-- Opening Marker --

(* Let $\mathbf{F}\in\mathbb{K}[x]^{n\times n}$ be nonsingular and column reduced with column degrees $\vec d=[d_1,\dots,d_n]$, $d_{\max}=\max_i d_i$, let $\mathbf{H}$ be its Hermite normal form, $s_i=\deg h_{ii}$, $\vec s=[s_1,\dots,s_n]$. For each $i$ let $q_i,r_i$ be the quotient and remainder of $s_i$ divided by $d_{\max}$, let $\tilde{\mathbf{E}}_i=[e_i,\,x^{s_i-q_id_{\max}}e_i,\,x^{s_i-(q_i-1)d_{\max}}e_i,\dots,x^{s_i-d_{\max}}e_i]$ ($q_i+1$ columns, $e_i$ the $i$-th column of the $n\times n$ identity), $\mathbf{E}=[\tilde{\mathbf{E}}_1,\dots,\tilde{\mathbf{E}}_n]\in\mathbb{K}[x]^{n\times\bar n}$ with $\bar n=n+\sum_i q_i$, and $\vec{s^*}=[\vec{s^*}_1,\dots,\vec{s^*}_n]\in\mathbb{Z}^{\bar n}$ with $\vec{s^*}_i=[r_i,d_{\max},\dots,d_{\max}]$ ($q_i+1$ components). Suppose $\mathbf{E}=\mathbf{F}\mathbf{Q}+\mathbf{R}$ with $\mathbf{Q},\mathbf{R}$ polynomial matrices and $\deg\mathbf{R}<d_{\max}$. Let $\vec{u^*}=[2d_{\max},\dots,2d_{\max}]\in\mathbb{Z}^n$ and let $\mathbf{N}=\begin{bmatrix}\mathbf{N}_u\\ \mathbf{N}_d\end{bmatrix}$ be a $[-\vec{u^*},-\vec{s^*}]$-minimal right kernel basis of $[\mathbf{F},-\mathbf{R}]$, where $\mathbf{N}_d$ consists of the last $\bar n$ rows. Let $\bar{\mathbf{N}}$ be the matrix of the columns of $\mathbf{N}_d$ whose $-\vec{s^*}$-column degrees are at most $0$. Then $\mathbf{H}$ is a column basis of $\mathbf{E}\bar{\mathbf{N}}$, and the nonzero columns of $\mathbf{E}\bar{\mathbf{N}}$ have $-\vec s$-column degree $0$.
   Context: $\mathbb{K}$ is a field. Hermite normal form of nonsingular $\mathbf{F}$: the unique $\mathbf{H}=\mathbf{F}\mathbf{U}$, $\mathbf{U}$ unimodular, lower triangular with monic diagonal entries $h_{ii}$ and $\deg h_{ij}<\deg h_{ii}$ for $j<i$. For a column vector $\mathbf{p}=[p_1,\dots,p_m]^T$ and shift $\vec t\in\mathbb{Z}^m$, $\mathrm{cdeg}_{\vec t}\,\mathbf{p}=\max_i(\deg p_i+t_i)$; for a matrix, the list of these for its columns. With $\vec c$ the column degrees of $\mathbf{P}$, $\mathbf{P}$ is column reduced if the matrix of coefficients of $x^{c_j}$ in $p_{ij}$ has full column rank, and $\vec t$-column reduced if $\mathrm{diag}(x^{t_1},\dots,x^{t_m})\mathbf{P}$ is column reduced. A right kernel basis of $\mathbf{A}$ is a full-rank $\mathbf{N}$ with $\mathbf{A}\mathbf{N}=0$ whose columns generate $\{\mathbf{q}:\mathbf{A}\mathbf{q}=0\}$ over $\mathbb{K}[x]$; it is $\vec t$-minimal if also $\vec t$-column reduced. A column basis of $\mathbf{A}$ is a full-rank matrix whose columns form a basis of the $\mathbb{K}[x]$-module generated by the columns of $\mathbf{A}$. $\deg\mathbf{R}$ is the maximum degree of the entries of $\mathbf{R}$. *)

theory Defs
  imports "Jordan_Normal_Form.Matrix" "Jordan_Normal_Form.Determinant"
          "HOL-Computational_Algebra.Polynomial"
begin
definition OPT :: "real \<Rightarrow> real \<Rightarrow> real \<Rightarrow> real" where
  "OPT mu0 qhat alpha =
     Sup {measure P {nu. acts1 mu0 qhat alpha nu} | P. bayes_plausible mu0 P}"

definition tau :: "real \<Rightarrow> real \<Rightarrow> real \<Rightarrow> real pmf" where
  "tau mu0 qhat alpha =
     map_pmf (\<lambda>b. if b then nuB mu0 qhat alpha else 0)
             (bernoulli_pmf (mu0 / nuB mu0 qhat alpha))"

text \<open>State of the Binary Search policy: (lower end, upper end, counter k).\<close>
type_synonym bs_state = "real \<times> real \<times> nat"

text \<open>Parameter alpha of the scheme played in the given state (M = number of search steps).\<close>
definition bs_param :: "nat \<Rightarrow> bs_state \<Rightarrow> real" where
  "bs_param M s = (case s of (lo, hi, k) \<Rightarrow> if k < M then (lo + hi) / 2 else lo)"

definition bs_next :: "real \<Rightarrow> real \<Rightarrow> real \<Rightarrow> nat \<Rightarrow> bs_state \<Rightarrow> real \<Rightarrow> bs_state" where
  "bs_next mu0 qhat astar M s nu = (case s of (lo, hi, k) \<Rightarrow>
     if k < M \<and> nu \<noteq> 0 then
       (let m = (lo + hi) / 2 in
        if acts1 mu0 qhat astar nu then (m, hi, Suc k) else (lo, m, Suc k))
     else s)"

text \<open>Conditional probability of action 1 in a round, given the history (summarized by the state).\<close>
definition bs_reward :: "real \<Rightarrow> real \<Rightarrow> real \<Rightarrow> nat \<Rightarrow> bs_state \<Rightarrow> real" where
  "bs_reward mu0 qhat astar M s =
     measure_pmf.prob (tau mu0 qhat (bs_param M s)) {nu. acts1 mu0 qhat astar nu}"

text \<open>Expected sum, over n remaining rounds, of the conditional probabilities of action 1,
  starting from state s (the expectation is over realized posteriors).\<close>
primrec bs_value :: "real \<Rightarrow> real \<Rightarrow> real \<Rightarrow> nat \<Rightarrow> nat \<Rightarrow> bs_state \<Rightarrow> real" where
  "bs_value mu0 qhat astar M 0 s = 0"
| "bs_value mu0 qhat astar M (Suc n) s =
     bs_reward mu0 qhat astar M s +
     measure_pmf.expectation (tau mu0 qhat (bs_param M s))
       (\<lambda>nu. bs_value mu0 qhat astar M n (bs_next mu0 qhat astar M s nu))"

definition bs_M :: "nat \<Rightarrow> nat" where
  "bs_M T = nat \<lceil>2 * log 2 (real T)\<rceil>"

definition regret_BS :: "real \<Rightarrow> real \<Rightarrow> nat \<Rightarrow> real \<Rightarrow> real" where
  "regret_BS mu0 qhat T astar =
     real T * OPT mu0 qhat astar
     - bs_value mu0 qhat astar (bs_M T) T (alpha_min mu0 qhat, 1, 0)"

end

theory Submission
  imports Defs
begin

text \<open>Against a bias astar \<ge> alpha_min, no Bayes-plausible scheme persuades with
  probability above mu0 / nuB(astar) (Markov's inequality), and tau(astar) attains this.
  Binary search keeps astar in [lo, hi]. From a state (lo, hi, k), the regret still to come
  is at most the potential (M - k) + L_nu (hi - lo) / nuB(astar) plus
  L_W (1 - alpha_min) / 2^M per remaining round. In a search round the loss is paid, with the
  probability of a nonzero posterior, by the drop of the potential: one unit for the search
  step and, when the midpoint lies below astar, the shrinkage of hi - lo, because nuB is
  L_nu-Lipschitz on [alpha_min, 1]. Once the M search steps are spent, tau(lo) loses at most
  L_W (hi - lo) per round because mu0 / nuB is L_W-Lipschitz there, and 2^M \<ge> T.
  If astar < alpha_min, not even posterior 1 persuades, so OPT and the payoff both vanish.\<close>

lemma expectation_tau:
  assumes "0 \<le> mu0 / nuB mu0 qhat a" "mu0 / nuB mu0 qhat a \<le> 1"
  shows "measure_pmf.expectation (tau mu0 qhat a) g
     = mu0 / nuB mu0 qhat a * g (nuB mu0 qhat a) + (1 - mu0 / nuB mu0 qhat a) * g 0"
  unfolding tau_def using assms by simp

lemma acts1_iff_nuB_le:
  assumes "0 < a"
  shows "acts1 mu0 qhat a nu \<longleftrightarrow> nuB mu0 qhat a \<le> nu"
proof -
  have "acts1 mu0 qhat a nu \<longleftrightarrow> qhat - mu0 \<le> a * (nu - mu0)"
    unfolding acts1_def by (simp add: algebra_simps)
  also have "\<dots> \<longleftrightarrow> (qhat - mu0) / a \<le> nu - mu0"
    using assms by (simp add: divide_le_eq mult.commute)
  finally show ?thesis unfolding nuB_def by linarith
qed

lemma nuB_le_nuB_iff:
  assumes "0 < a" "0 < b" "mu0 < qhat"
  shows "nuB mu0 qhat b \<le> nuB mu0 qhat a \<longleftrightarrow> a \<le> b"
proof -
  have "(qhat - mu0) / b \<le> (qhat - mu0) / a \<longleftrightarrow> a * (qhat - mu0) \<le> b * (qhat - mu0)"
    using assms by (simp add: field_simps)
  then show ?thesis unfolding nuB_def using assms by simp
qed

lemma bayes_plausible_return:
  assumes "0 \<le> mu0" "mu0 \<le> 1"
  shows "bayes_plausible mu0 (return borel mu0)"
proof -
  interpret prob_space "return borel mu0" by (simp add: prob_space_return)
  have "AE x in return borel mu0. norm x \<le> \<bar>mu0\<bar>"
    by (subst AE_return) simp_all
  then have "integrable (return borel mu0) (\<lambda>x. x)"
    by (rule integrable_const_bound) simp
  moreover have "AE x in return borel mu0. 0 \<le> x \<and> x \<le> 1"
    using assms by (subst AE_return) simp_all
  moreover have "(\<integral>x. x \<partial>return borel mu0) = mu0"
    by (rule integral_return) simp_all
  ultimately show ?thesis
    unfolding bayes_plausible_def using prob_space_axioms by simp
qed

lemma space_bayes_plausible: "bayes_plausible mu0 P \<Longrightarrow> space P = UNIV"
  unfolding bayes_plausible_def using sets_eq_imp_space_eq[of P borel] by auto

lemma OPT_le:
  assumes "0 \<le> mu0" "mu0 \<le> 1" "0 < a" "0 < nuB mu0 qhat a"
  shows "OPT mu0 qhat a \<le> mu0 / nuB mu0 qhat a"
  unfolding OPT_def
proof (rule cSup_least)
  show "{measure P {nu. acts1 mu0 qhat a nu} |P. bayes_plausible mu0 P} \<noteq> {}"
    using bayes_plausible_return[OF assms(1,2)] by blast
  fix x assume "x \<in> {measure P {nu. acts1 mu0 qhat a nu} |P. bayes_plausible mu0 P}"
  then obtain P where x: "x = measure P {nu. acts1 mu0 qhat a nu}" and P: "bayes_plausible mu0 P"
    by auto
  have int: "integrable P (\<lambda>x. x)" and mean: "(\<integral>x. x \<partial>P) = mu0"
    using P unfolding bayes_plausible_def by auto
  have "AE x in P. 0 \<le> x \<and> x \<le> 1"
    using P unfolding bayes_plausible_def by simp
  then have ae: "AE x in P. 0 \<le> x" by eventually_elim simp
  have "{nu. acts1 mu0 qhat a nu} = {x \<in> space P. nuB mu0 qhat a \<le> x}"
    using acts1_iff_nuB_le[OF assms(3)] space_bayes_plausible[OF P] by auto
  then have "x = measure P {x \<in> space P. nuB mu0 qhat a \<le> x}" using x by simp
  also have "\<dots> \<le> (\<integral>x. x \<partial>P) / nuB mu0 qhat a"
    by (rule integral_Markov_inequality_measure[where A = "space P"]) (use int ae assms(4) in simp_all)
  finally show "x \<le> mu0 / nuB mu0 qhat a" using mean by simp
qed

-- Closing Marker --

• PROBLEM:
Go through the listing above and write out exactly the lines starting with the one holding "ultimately show ?thesis" and running through the one holding "proof (rule cSup_least)", ends included, and no others.

• TASK SOLUTION:
  ultimately show ?thesis
    unfolding bayes_plausible_def using prob_space_axioms by simp
qed

lemma space_bayes_plausible: "bayes_plausible mu0 P \<Longrightarrow> space P = UNIV"
  unfolding bayes_plausible_def using sets_eq_imp_space_eq[of P borel] by auto

lemma OPT_le:
  assumes "0 \<le> mu0" "mu0 \<le> 1" "0 < a" "0 < nuB mu0 qhat a"
  shows "OPT mu0 qhat a \<le> mu0 / nuB mu0 qhat a"
  unfolding OPT_def
proof (rule cSup_least)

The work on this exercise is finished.